The action.php collects the information of the form using the name attribute of every input. As every form is just a duplicate of the original one, every new form have the same name attribute, so when I click the send button, the php just echo the information of the last form.
<div><span>Código: </span><?php echo htmlspecialchars($_POST['codigo']); ?></div>
<div><span>Proyecto: </span><?php echo htmlspecialchars($_POST['proyecto']); ?></div>
<div><span>Calidad: </span><?php echo htmlspecialchars($_POST['grupo1']); ?></div>
<div><span>Formato: </span><?php echo htmlspecialchars($_POST['grupo2']); ?></div>
<div><span>Fecha: </span><?php echo htmlspecialchars($_POST['fecha']); ?></div>
<div><span>Lugar: </span><?php echo htmlspecialchars($_POST['lugar']); ?></div>
<div><span>Dueño: </span><?php echo htmlspecialchars($_POST['dueno']); ?></div>
Questions:
I need to update (rename) the name attribute of the input tags in every duplicated form, how can I do that?
It is possible to refer the echo function in the action.php file to a div with an id assigned to post the whole information at once? otherwise, how can I send (post) the information of all the duplicated form to a new page at once?
This have to be a client side process, so there is nothing more behind it, the php is just for echoing the info to the new page. So if there are solutions that can be done with javascript or jQuery is ok as well.
I leave a link to the demo http://www.programaicat.una.ac.cr/ICATsite/demo/
Thanks to all in advance.
The way POST vars are sent to a script, they're named key, value pairs in an array. Any inputs with the same name will be overwritten.

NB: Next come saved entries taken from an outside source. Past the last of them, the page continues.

(* Let $H=\sum_{i=1}^d\epsilon_i|e_i\rangle\langle e_i|$ be a non-degenerate Hamiltonian of a $d$-dimensional quantum system, and let $P\subseteq\mathbb{R}^2$ be the set of pairs $(E(\rho),S(\rho))$ over all full-rank passive states $\rho$. Let $\mathcal A:P\to[0,\infty)$ be the geometric athermality. Then $\mathcal A$ is monotonically non-increasing along every activation trajectory in $P$: if $t\mapsto(E(t),S(t))\in P$, $t\in[0,1]$, is a differentiable curve whose tangent vector $(u_E,u_S)$ satisfies $u_E\le0$ and $u_S\ge0$ at every point, then $t\mapsto\mathcal A(E(t),S(t))$ is non-increasing.
   Context: A state $\rho$ is passive if $\mathrm{tr}(HU\rho U^\dagger)\ge\mathrm{tr}(H\rho)$ for all unitaries $U$; passive states commute with $H$, so a full-rank passive state has the form $\rho=\sum_i p_i|e_i\rangle\langle e_i|$ with $p_i>0$. $E(\rho)=\mathrm{tr}[H\rho]$ and $S(\rho)=-\mathrm{tr}[\rho\log\rho]$. The $\epsilon$-$s$ ensemble is $\mathcal V(\rho)=\{(\epsilon_i,-\log p_i)\}_{i=1}^d\subset\mathbb{R}^2$, and $A(\rho)$ denotes the (Euclidean) area of the convex hull $\mathrm{conv}[\mathcal V(\rho)]$. The geometric athermality is $\mathcal A(E,S)=\inf\{A(\rho):\rho$ a full-rank passive state with $E(\rho)=E,\ S(\rho)=S\}$. A curve in the energy-entropy plane with tangent satisfying $u_E\le0$, $u_S\ge0$ everywhere is called an activation trajectory. *)

theory Defs
  imports "HOL-Analysis.Analysis" "Jordan_Normal_Form.Matrix"
begin

text \<open>We work in the energy eigenbasis e_0, ..., e_(d-1) of H, so H = diag(eps).
  Indices run over {..<d}.\<close>

definition diag_op :: "nat \<Rightarrow> (nat \<Rightarrow> real) \<Rightarrow> complex mat" where
  "diag_op d f = Matrix.mat d d (\<lambda>(i,j). if i = j then complex_of_real (f i) else 0)"

definition mtrace :: "complex mat \<Rightarrow> complex" where
  "mtrace A = (\<Sum>i<dim_row A. A $$ (i,i))"

definition adj :: "complex mat \<Rightarrow> complex mat" where
  "adj U = Matrix.mat (dim_col U) (dim_row U) (\<lambda>(i,j). cnj (U $$ (j,i)))"

definition unitary_mat :: "nat \<Rightarrow> complex mat \<Rightarrow> bool" where
  "unitary_mat d U \<longleftrightarrow> U \<in> carrier_mat d d \<and> adj U * U = 1\<^sub>m d \<and> U * adj U = 1\<^sub>m d"

definition is_passive :: "nat \<Rightarrow> complex mat \<Rightarrow> complex mat \<Rightarrow> bool" where
  "is_passive d H \<rho> \<longleftrightarrow>
     (\<forall>U. unitary_mat d U \<longrightarrow> Re (mtrace (H * (U * \<rho> * adj U))) \<ge> Re (mtrace (H * \<rho>)))"

definition full_rank_passive :: "nat \<Rightarrow> (nat \<Rightarrow> real) \<Rightarrow> (nat \<Rightarrow> real) \<Rightarrow> bool" where
  "full_rank_passive d eps p \<longleftrightarrow>
     (\<forall>i<d. p i > 0) \<and> (\<Sum>i<d. p i) = 1 \<and>
     is_passive d (diag_op d eps) (diag_op d p)"

definition energy :: "nat \<Rightarrow> (nat \<Rightarrow> real) \<Rightarrow> (nat \<Rightarrow> real) \<Rightarrow> real" where
  "energy d eps p = Re (mtrace (diag_op d eps * diag_op d p))"

definition entropy :: "nat \<Rightarrow> (nat \<Rightarrow> real) \<Rightarrow> real" where
  "entropy d p = - (\<Sum>i<d. p i * ln (p i))"

definition eps_s_ensemble :: "nat \<Rightarrow> (nat \<Rightarrow> real) \<Rightarrow> (nat \<Rightarrow> real) \<Rightarrow> (real \<times> real) set" where
  "eps_s_ensemble d eps p = (\<lambda>i. (eps i, - ln (p i))) ` {..<d}"

definition hull_area :: "nat \<Rightarrow> (nat \<Rightarrow> real) \<Rightarrow> (nat \<Rightarrow> real) \<Rightarrow> real" where
  "hull_area d eps p = measure lborel (convex hull (eps_s_ensemble d eps p))"

definition ES_region :: "nat \<Rightarrow> (nat \<Rightarrow> real) \<Rightarrow> (real \<times> real) set" where
  "ES_region d eps = {(energy d eps p, entropy d p) | p. full_rank_passive d eps p}"

definition geom_athermality :: "nat \<Rightarrow> (nat \<Rightarrow> real) \<Rightarrow> real \<Rightarrow> real \<Rightarrow> real" where
  "geom_athermality d eps E S =
     Inf {hull_area d eps p | p. full_rank_passive d eps p \<and> energy d eps p = E \<and> entropy d p = S}"

end

theory Submission
  imports Defs
begin

text \<open>
  A full-rank diagonal state is passive exactly when its populations do not increase with the
  energy: swapping two levels tests one direction, and for the other the squared moduli of a
  unitary form a doubly stochastic matrix, which cannot lower the energy of such a state.

  Given a passive state p0 and a target (E1, S1) with E1 \<le> E(p0) and S1 \<ge> S(p0), deform p0
  into q proportional to p0(i) powr a * exp (- b * eps(i)) with 0 \<le> a \<le> 1 and b \<ge> 0. Then q
  is again passive, and its eps-s ensemble is the image of that of p0 under the shear
  (x, y) \<mapsto> (x, a * y + b * x + ln Z), so the hull area is multiplied by a \<le> 1. For fixed a the
  energy of q decreases strictly in b, from at least E(p0) (Chebyshev's sum inequality) towards
  the ground energy; this gives a continuous curve b = \<beta>(a) of energy E1. Along it the entropy
  is at most S(p0) at a = 1 and at least S1 at the Gibbs end a = 0, so some point of the curve
  reaches (E1, S1) with a smaller hull.
\<close>

section \<open>Passive diagonal states\<close>

lemma index_mult_mat_sum:
  assumes "A \<in> carrier_mat n m" "B \<in> carrier_mat m l" "i < n" "j < l"
  shows "(A * B) $$ (i,j) = (\<Sum>k<m. A $$ (i,k) * B $$ (k,j))"
  using assms by (simp add: scalar_prod_def atLeast0LessThan)

lemma diag_op_carrier: "diag_op d f \<in> carrier_mat d d"
  by (simp add: diag_op_def)

lemma dim_diag_op [simp]: "dim_row (diag_op d f) = d" "dim_col (diag_op d f) = d"
  by (simp_all add: diag_op_def)

lemma index_diag_op: "i < d \<Longrightarrow> j < d \<Longrightarrow> diag_op d f $$ (i,j) = (if i = j then of_real (f i) else 0)"
  by (simp add: diag_op_def)

lemma adj_carrier: "U \<in> carrier_mat n m \<Longrightarrow> adj U \<in> carrier_mat m n"
  by (simp add: adj_def)

lemma dim_adj [simp]: "dim_row (adj U) = dim_col U" "dim_col (adj U) = dim_row U"
  by (simp_all add: adj_def)

lemma index_adj: "U \<in> carrier_mat n m \<Longrightarrow> i < m \<Longrightarrow> j < n \<Longrightarrow> adj U $$ (i,j) = cnj (U $$ (j,i))"
  by (simp add: adj_def)

lemma index_diag_op_mult:
  assumes "A \<in> carrier_mat d n" "i < d" "j < n"
  shows "(diag_op d f * A) $$ (i,j) = of_real (f i) * A $$ (i,j)"
proof -
  have "(diag_op d f * A) $$ (i,j) = (\<Sum>k<d. diag_op d f $$ (i,k) * A $$ (k,j))"
    by (rule index_mult_mat_sum[OF diag_op_carrier assms])
  also have "\<dots> = (\<Sum>k<d. if k = i then of_real (f i) * A $$ (k,j) else 0)"
    using assms(2) by (intro sum.cong) (auto simp: index_diag_op)
  finally show ?thesis using assms(2) by simp
qed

I suggest appending or prepending a number to each additional input as they are created, so instead of a new input called "name", it would be called "name.1" or "1.name". Your first input would be "name.0" and the rest would increment upwards as they are added. When you process the information, you can iterate over the POST array keys using substr and re-shape your information as needed before saving it to the database.